Exercise aim - Transcribe each record exactly. Include every one.

Start of Provided data

(* Consider the deterministic dividend problem below with constants $k>0$, $\bar\mu>0$, $r>0$. For $\mu<0$ let $\tau_0(\mu)=\frac1k\ln\!\big(\frac{\bar\mu-\mu}{\bar\mu}\big)$ and $x_b(\mu)=-\bar\mu\,\tau_0(\mu)-\frac{\mu}{k}$; for $\mu\ge0$ let $\tau_0(\mu)=0$ and $x_b(\mu)=0$. Then: (a) for $\mu\ge0$ and $x\ge0$, $V(x,\mu)=x+\frac{\bar\mu}{r}+\frac{\mu-\bar\mu}{r+k}$, attained by paying $x$ at time $0$ and thereafter paying out earnings as they arrive ($L_t=x+\int_0^t\mu_s\,ds$); (b) for $\mu<0$: $V(x,\mu)=x$ if $x<x_b(\mu)$, and $V(x,\mu)=x+\max\{0,\;e^{-r\tau_0(\mu)}V(0,0)-x_b(\mu)\}$ if $x\ge x_b(\mu)$; (c) there exists $\mu^*<0$ such that $V(x,\mu)=x$ for all $x\ge0$ whenever $\mu\le\mu^*$ (immediate liquidation is optimal), while for $\mu\ge\mu^*$ and $x\ge x_b(\mu)$ it is optimal to pay $x-x_b(\mu)$ immediately and thereafter all earnings as they arrive, i.e. $L_t=x-x_b(\mu)+\int_{\tau_0(\mu)\wedge t}^t\mu_s\,ds$.
   Context: Deterministic setting: the profitability is $\mu_t=\bar\mu+(\mu-\bar\mu)e^{-kt}$ (the solution of $d\mu_t=k(\bar\mu-\mu_t)dt$, $\mu_0=\mu\in\mathbb R$), and the cash reserves are $X_t=x+\int_0^t\mu_s\,ds-L_t$ for $x\ge0$, where an admissible dividend process $L$ is a deterministic càdlàg nondecreasing function with $L_{0-}=0$ and $\Delta L_t\le X_{t-}$. The bankruptcy time is $\theta(L)=\inf\{t>0:X_t<0\}$, and $V(x,\mu)=\sup_L\int_0^{\theta(L)}e^{-rt}\,dL_t$ (including a possible jump at time $0$). *)

theory Defs
  imports "HOL-Analysis.Analysis"
begin

definition mu_path :: "real \<Rightarrow> real \<Rightarrow> real \<Rightarrow> real \<Rightarrow> real" where
  "mu_path k mb mu t = mb + (mu - mb) * exp (- k * t)"

text \<open>Cash reserves X_t = x + int_0^t mu_s ds - L_t.  A dividend process is a function
  L on the reals with L t = 0 for t < 0 (so L_{0-} = 0 and L 0 is the jump at time 0).\<close>
definition reserves :: "real \<Rightarrow> real \<Rightarrow> real \<Rightarrow> real \<Rightarrow> (real \<Rightarrow> real) \<Rightarrow> real \<Rightarrow> real" where
  "reserves k mb mu x L t = x + integral {0..t} (mu_path k mb mu) - L t"

text \<open>Left limit X_{t-} (the earnings integral is continuous in t).\<close>
definition reserves_left :: "real \<Rightarrow> real \<Rightarrow> real \<Rightarrow> real \<Rightarrow> (real \<Rightarrow> real) \<Rightarrow> real \<Rightarrow> real" where
  "reserves_left k mb mu x L t = x + integral {0..t} (mu_path k mb mu) - Lim (at_left t) L"

text \<open>Bankruptcy time theta(L) = inf {t > 0. X_t < 0}, with inf of the empty set = infinity.\<close>
definition bankruptcy :: "real \<Rightarrow> real \<Rightarrow> real \<Rightarrow> real \<Rightarrow> (real \<Rightarrow> real) \<Rightarrow> ereal" where
  "bankruptcy k mb mu x L = Inf {ereal t | t. 0 < t \<and> reserves k mb mu x L t < 0}"

text \<open>Admissible dividend processes: nondecreasing, cadlag (right-continuous; left limits
  exist by monotonicity), L_{0-} = 0, and Delta L_t \<le> X_{t-} for all times t \<ge> 0 up to
  (and including) bankruptcy.\<close>
definition admissible :: "real \<Rightarrow> real \<Rightarrow> real \<Rightarrow> real \<Rightarrow> (real \<Rightarrow> real) \<Rightarrow> bool" where
  "admissible k mb mu x L \<longleftrightarrow>
     mono L \<and> (\<forall>t<0. L t = 0) \<and> (\<forall>t. continuous (at_right t) L) \<and>
     (\<forall>t\<ge>0. ereal t \<le> bankruptcy k mb mu x L \<longrightarrow>
        L t - Lim (at_left t) L \<le> reserves_left k mb mu x L t)"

End of Provided data

Answer to this task -
(* Consider the deterministic dividend problem below with constants $k>0$, $\bar\mu>0$, $r>0$. For $\mu<0$ let $\tau_0(\mu)=\frac1k\ln\!\big(\frac{\bar\mu-\mu}{\bar\mu}\big)$ and $x_b(\mu)=-\bar\mu\,\tau_0(\mu)-\frac{\mu}{k}$; for $\mu\ge0$ let $\tau_0(\mu)=0$ and $x_b(\mu)=0$. Then: (a) for $\mu\ge0$ and $x\ge0$, $V(x,\mu)=x+\frac{\bar\mu}{r}+\frac{\mu-\bar\mu}{r+k}$, attained by paying $x$ at time $0$ and thereafter paying out earnings as they arrive ($L_t=x+\int_0^t\mu_s\,ds$); (b) for $\mu<0$: $V(x,\mu)=x$ if $x<x_b(\mu)$, and $V(x,\mu)=x+\max\{0,\;e^{-r\tau_0(\mu)}V(0,0)-x_b(\mu)\}$ if $x\ge x_b(\mu)$; (c) there exists $\mu^*<0$ such that $V(x,\mu)=x$ for all $x\ge0$ whenever $\mu\le\mu^*$ (immediate liquidation is optimal), while for $\mu\ge\mu^*$ and $x\ge x_b(\mu)$ it is optimal to pay $x-x_b(\mu)$ immediately and thereafter all earnings as they arrive, i.e. $L_t=x-x_b(\mu)+\int_{\tau_0(\mu)\wedge t}^t\mu_s\,ds$.
   Context: Deterministic setting: the profitability is $\mu_t=\bar\mu+(\mu-\bar\mu)e^{-kt}$ (the solution of $d\mu_t=k(\bar\mu-\mu_t)dt$, $\mu_0=\mu\in\mathbb R$), and the cash reserves are $X_t=x+\int_0^t\mu_s\,ds-L_t$ for $x\ge0$, where an admissible dividend process $L$ is a deterministic càdlàg nondecreasing function with $L_{0-}=0$ and $\Delta L_t\le X_{t-}$. The bankruptcy time is $\theta(L)=\inf\{t>0:X_t<0\}$, and $V(x,\mu)=\sup_L\int_0^{\theta(L)}e^{-rt}\,dL_t$ (including a possible jump at time $0$). *)

theory Defs
  imports "HOL-Analysis.Analysis"
begin

definition mu_path :: "real \<Rightarrow> real \<Rightarrow> real \<Rightarrow> real \<Rightarrow> real" where
  "mu_path k mb mu t = mb + (mu - mb) * exp (- k * t)"

text \<open>Cash reserves X_t = x + int_0^t mu_s ds - L_t.  A dividend process is a function
  L on the reals with L t = 0 for t < 0 (so L_{0-} = 0 and L 0 is the jump at time 0).\<close>
definition reserves :: "real \<Rightarrow> real \<Rightarrow> real \<Rightarrow> real \<Rightarrow> (real \<Rightarrow> real) \<Rightarrow> real \<Rightarrow> real" where
  "reserves k mb mu x L t = x + integral {0..t} (mu_path k mb mu) - L t"

text \<open>Left limit X_{t-} (the earnings integral is continuous in t).\<close>
definition reserves_left :: "real \<Rightarrow> real \<Rightarrow> real \<Rightarrow> real \<Rightarrow> (real \<Rightarrow> real) \<Rightarrow> real \<Rightarrow> real" where
  "reserves_left k mb mu x L t = x + integral {0..t} (mu_path k mb mu) - Lim (at_left t) L"

text \<open>Bankruptcy time theta(L) = inf {t > 0. X_t < 0}, with inf of the empty set = infinity.\<close>
definition bankruptcy :: "real \<Rightarrow> real \<Rightarrow> real \<Rightarrow> real \<Rightarrow> (real \<Rightarrow> real) \<Rightarrow> ereal" where
  "bankruptcy k mb mu x L = Inf {ereal t | t. 0 < t \<and> reserves k mb mu x L t < 0}"

text \<open>Admissible dividend processes: nondecreasing, cadlag (right-continuous; left limits
  exist by monotonicity), L_{0-} = 0, and Delta L_t \<le> X_{t-} for all times t \<ge> 0 up to
  (and including) bankruptcy.\<close>
definition admissible :: "real \<Rightarrow> real \<Rightarrow> real \<Rightarrow> real \<Rightarrow> (real \<Rightarrow> real) \<Rightarrow> bool" where
  "admissible k mb mu x L \<longleftrightarrow>
     mono L \<and> (\<forall>t<0. L t = 0) \<and> (\<forall>t. continuous (at_right t) L) \<and>
     (\<forall>t\<ge>0. ereal t \<le> bankruptcy k mb mu x L \<longrightarrow>
        L t - Lim (at_left t) L \<le> reserves_left k mb mu x L t)"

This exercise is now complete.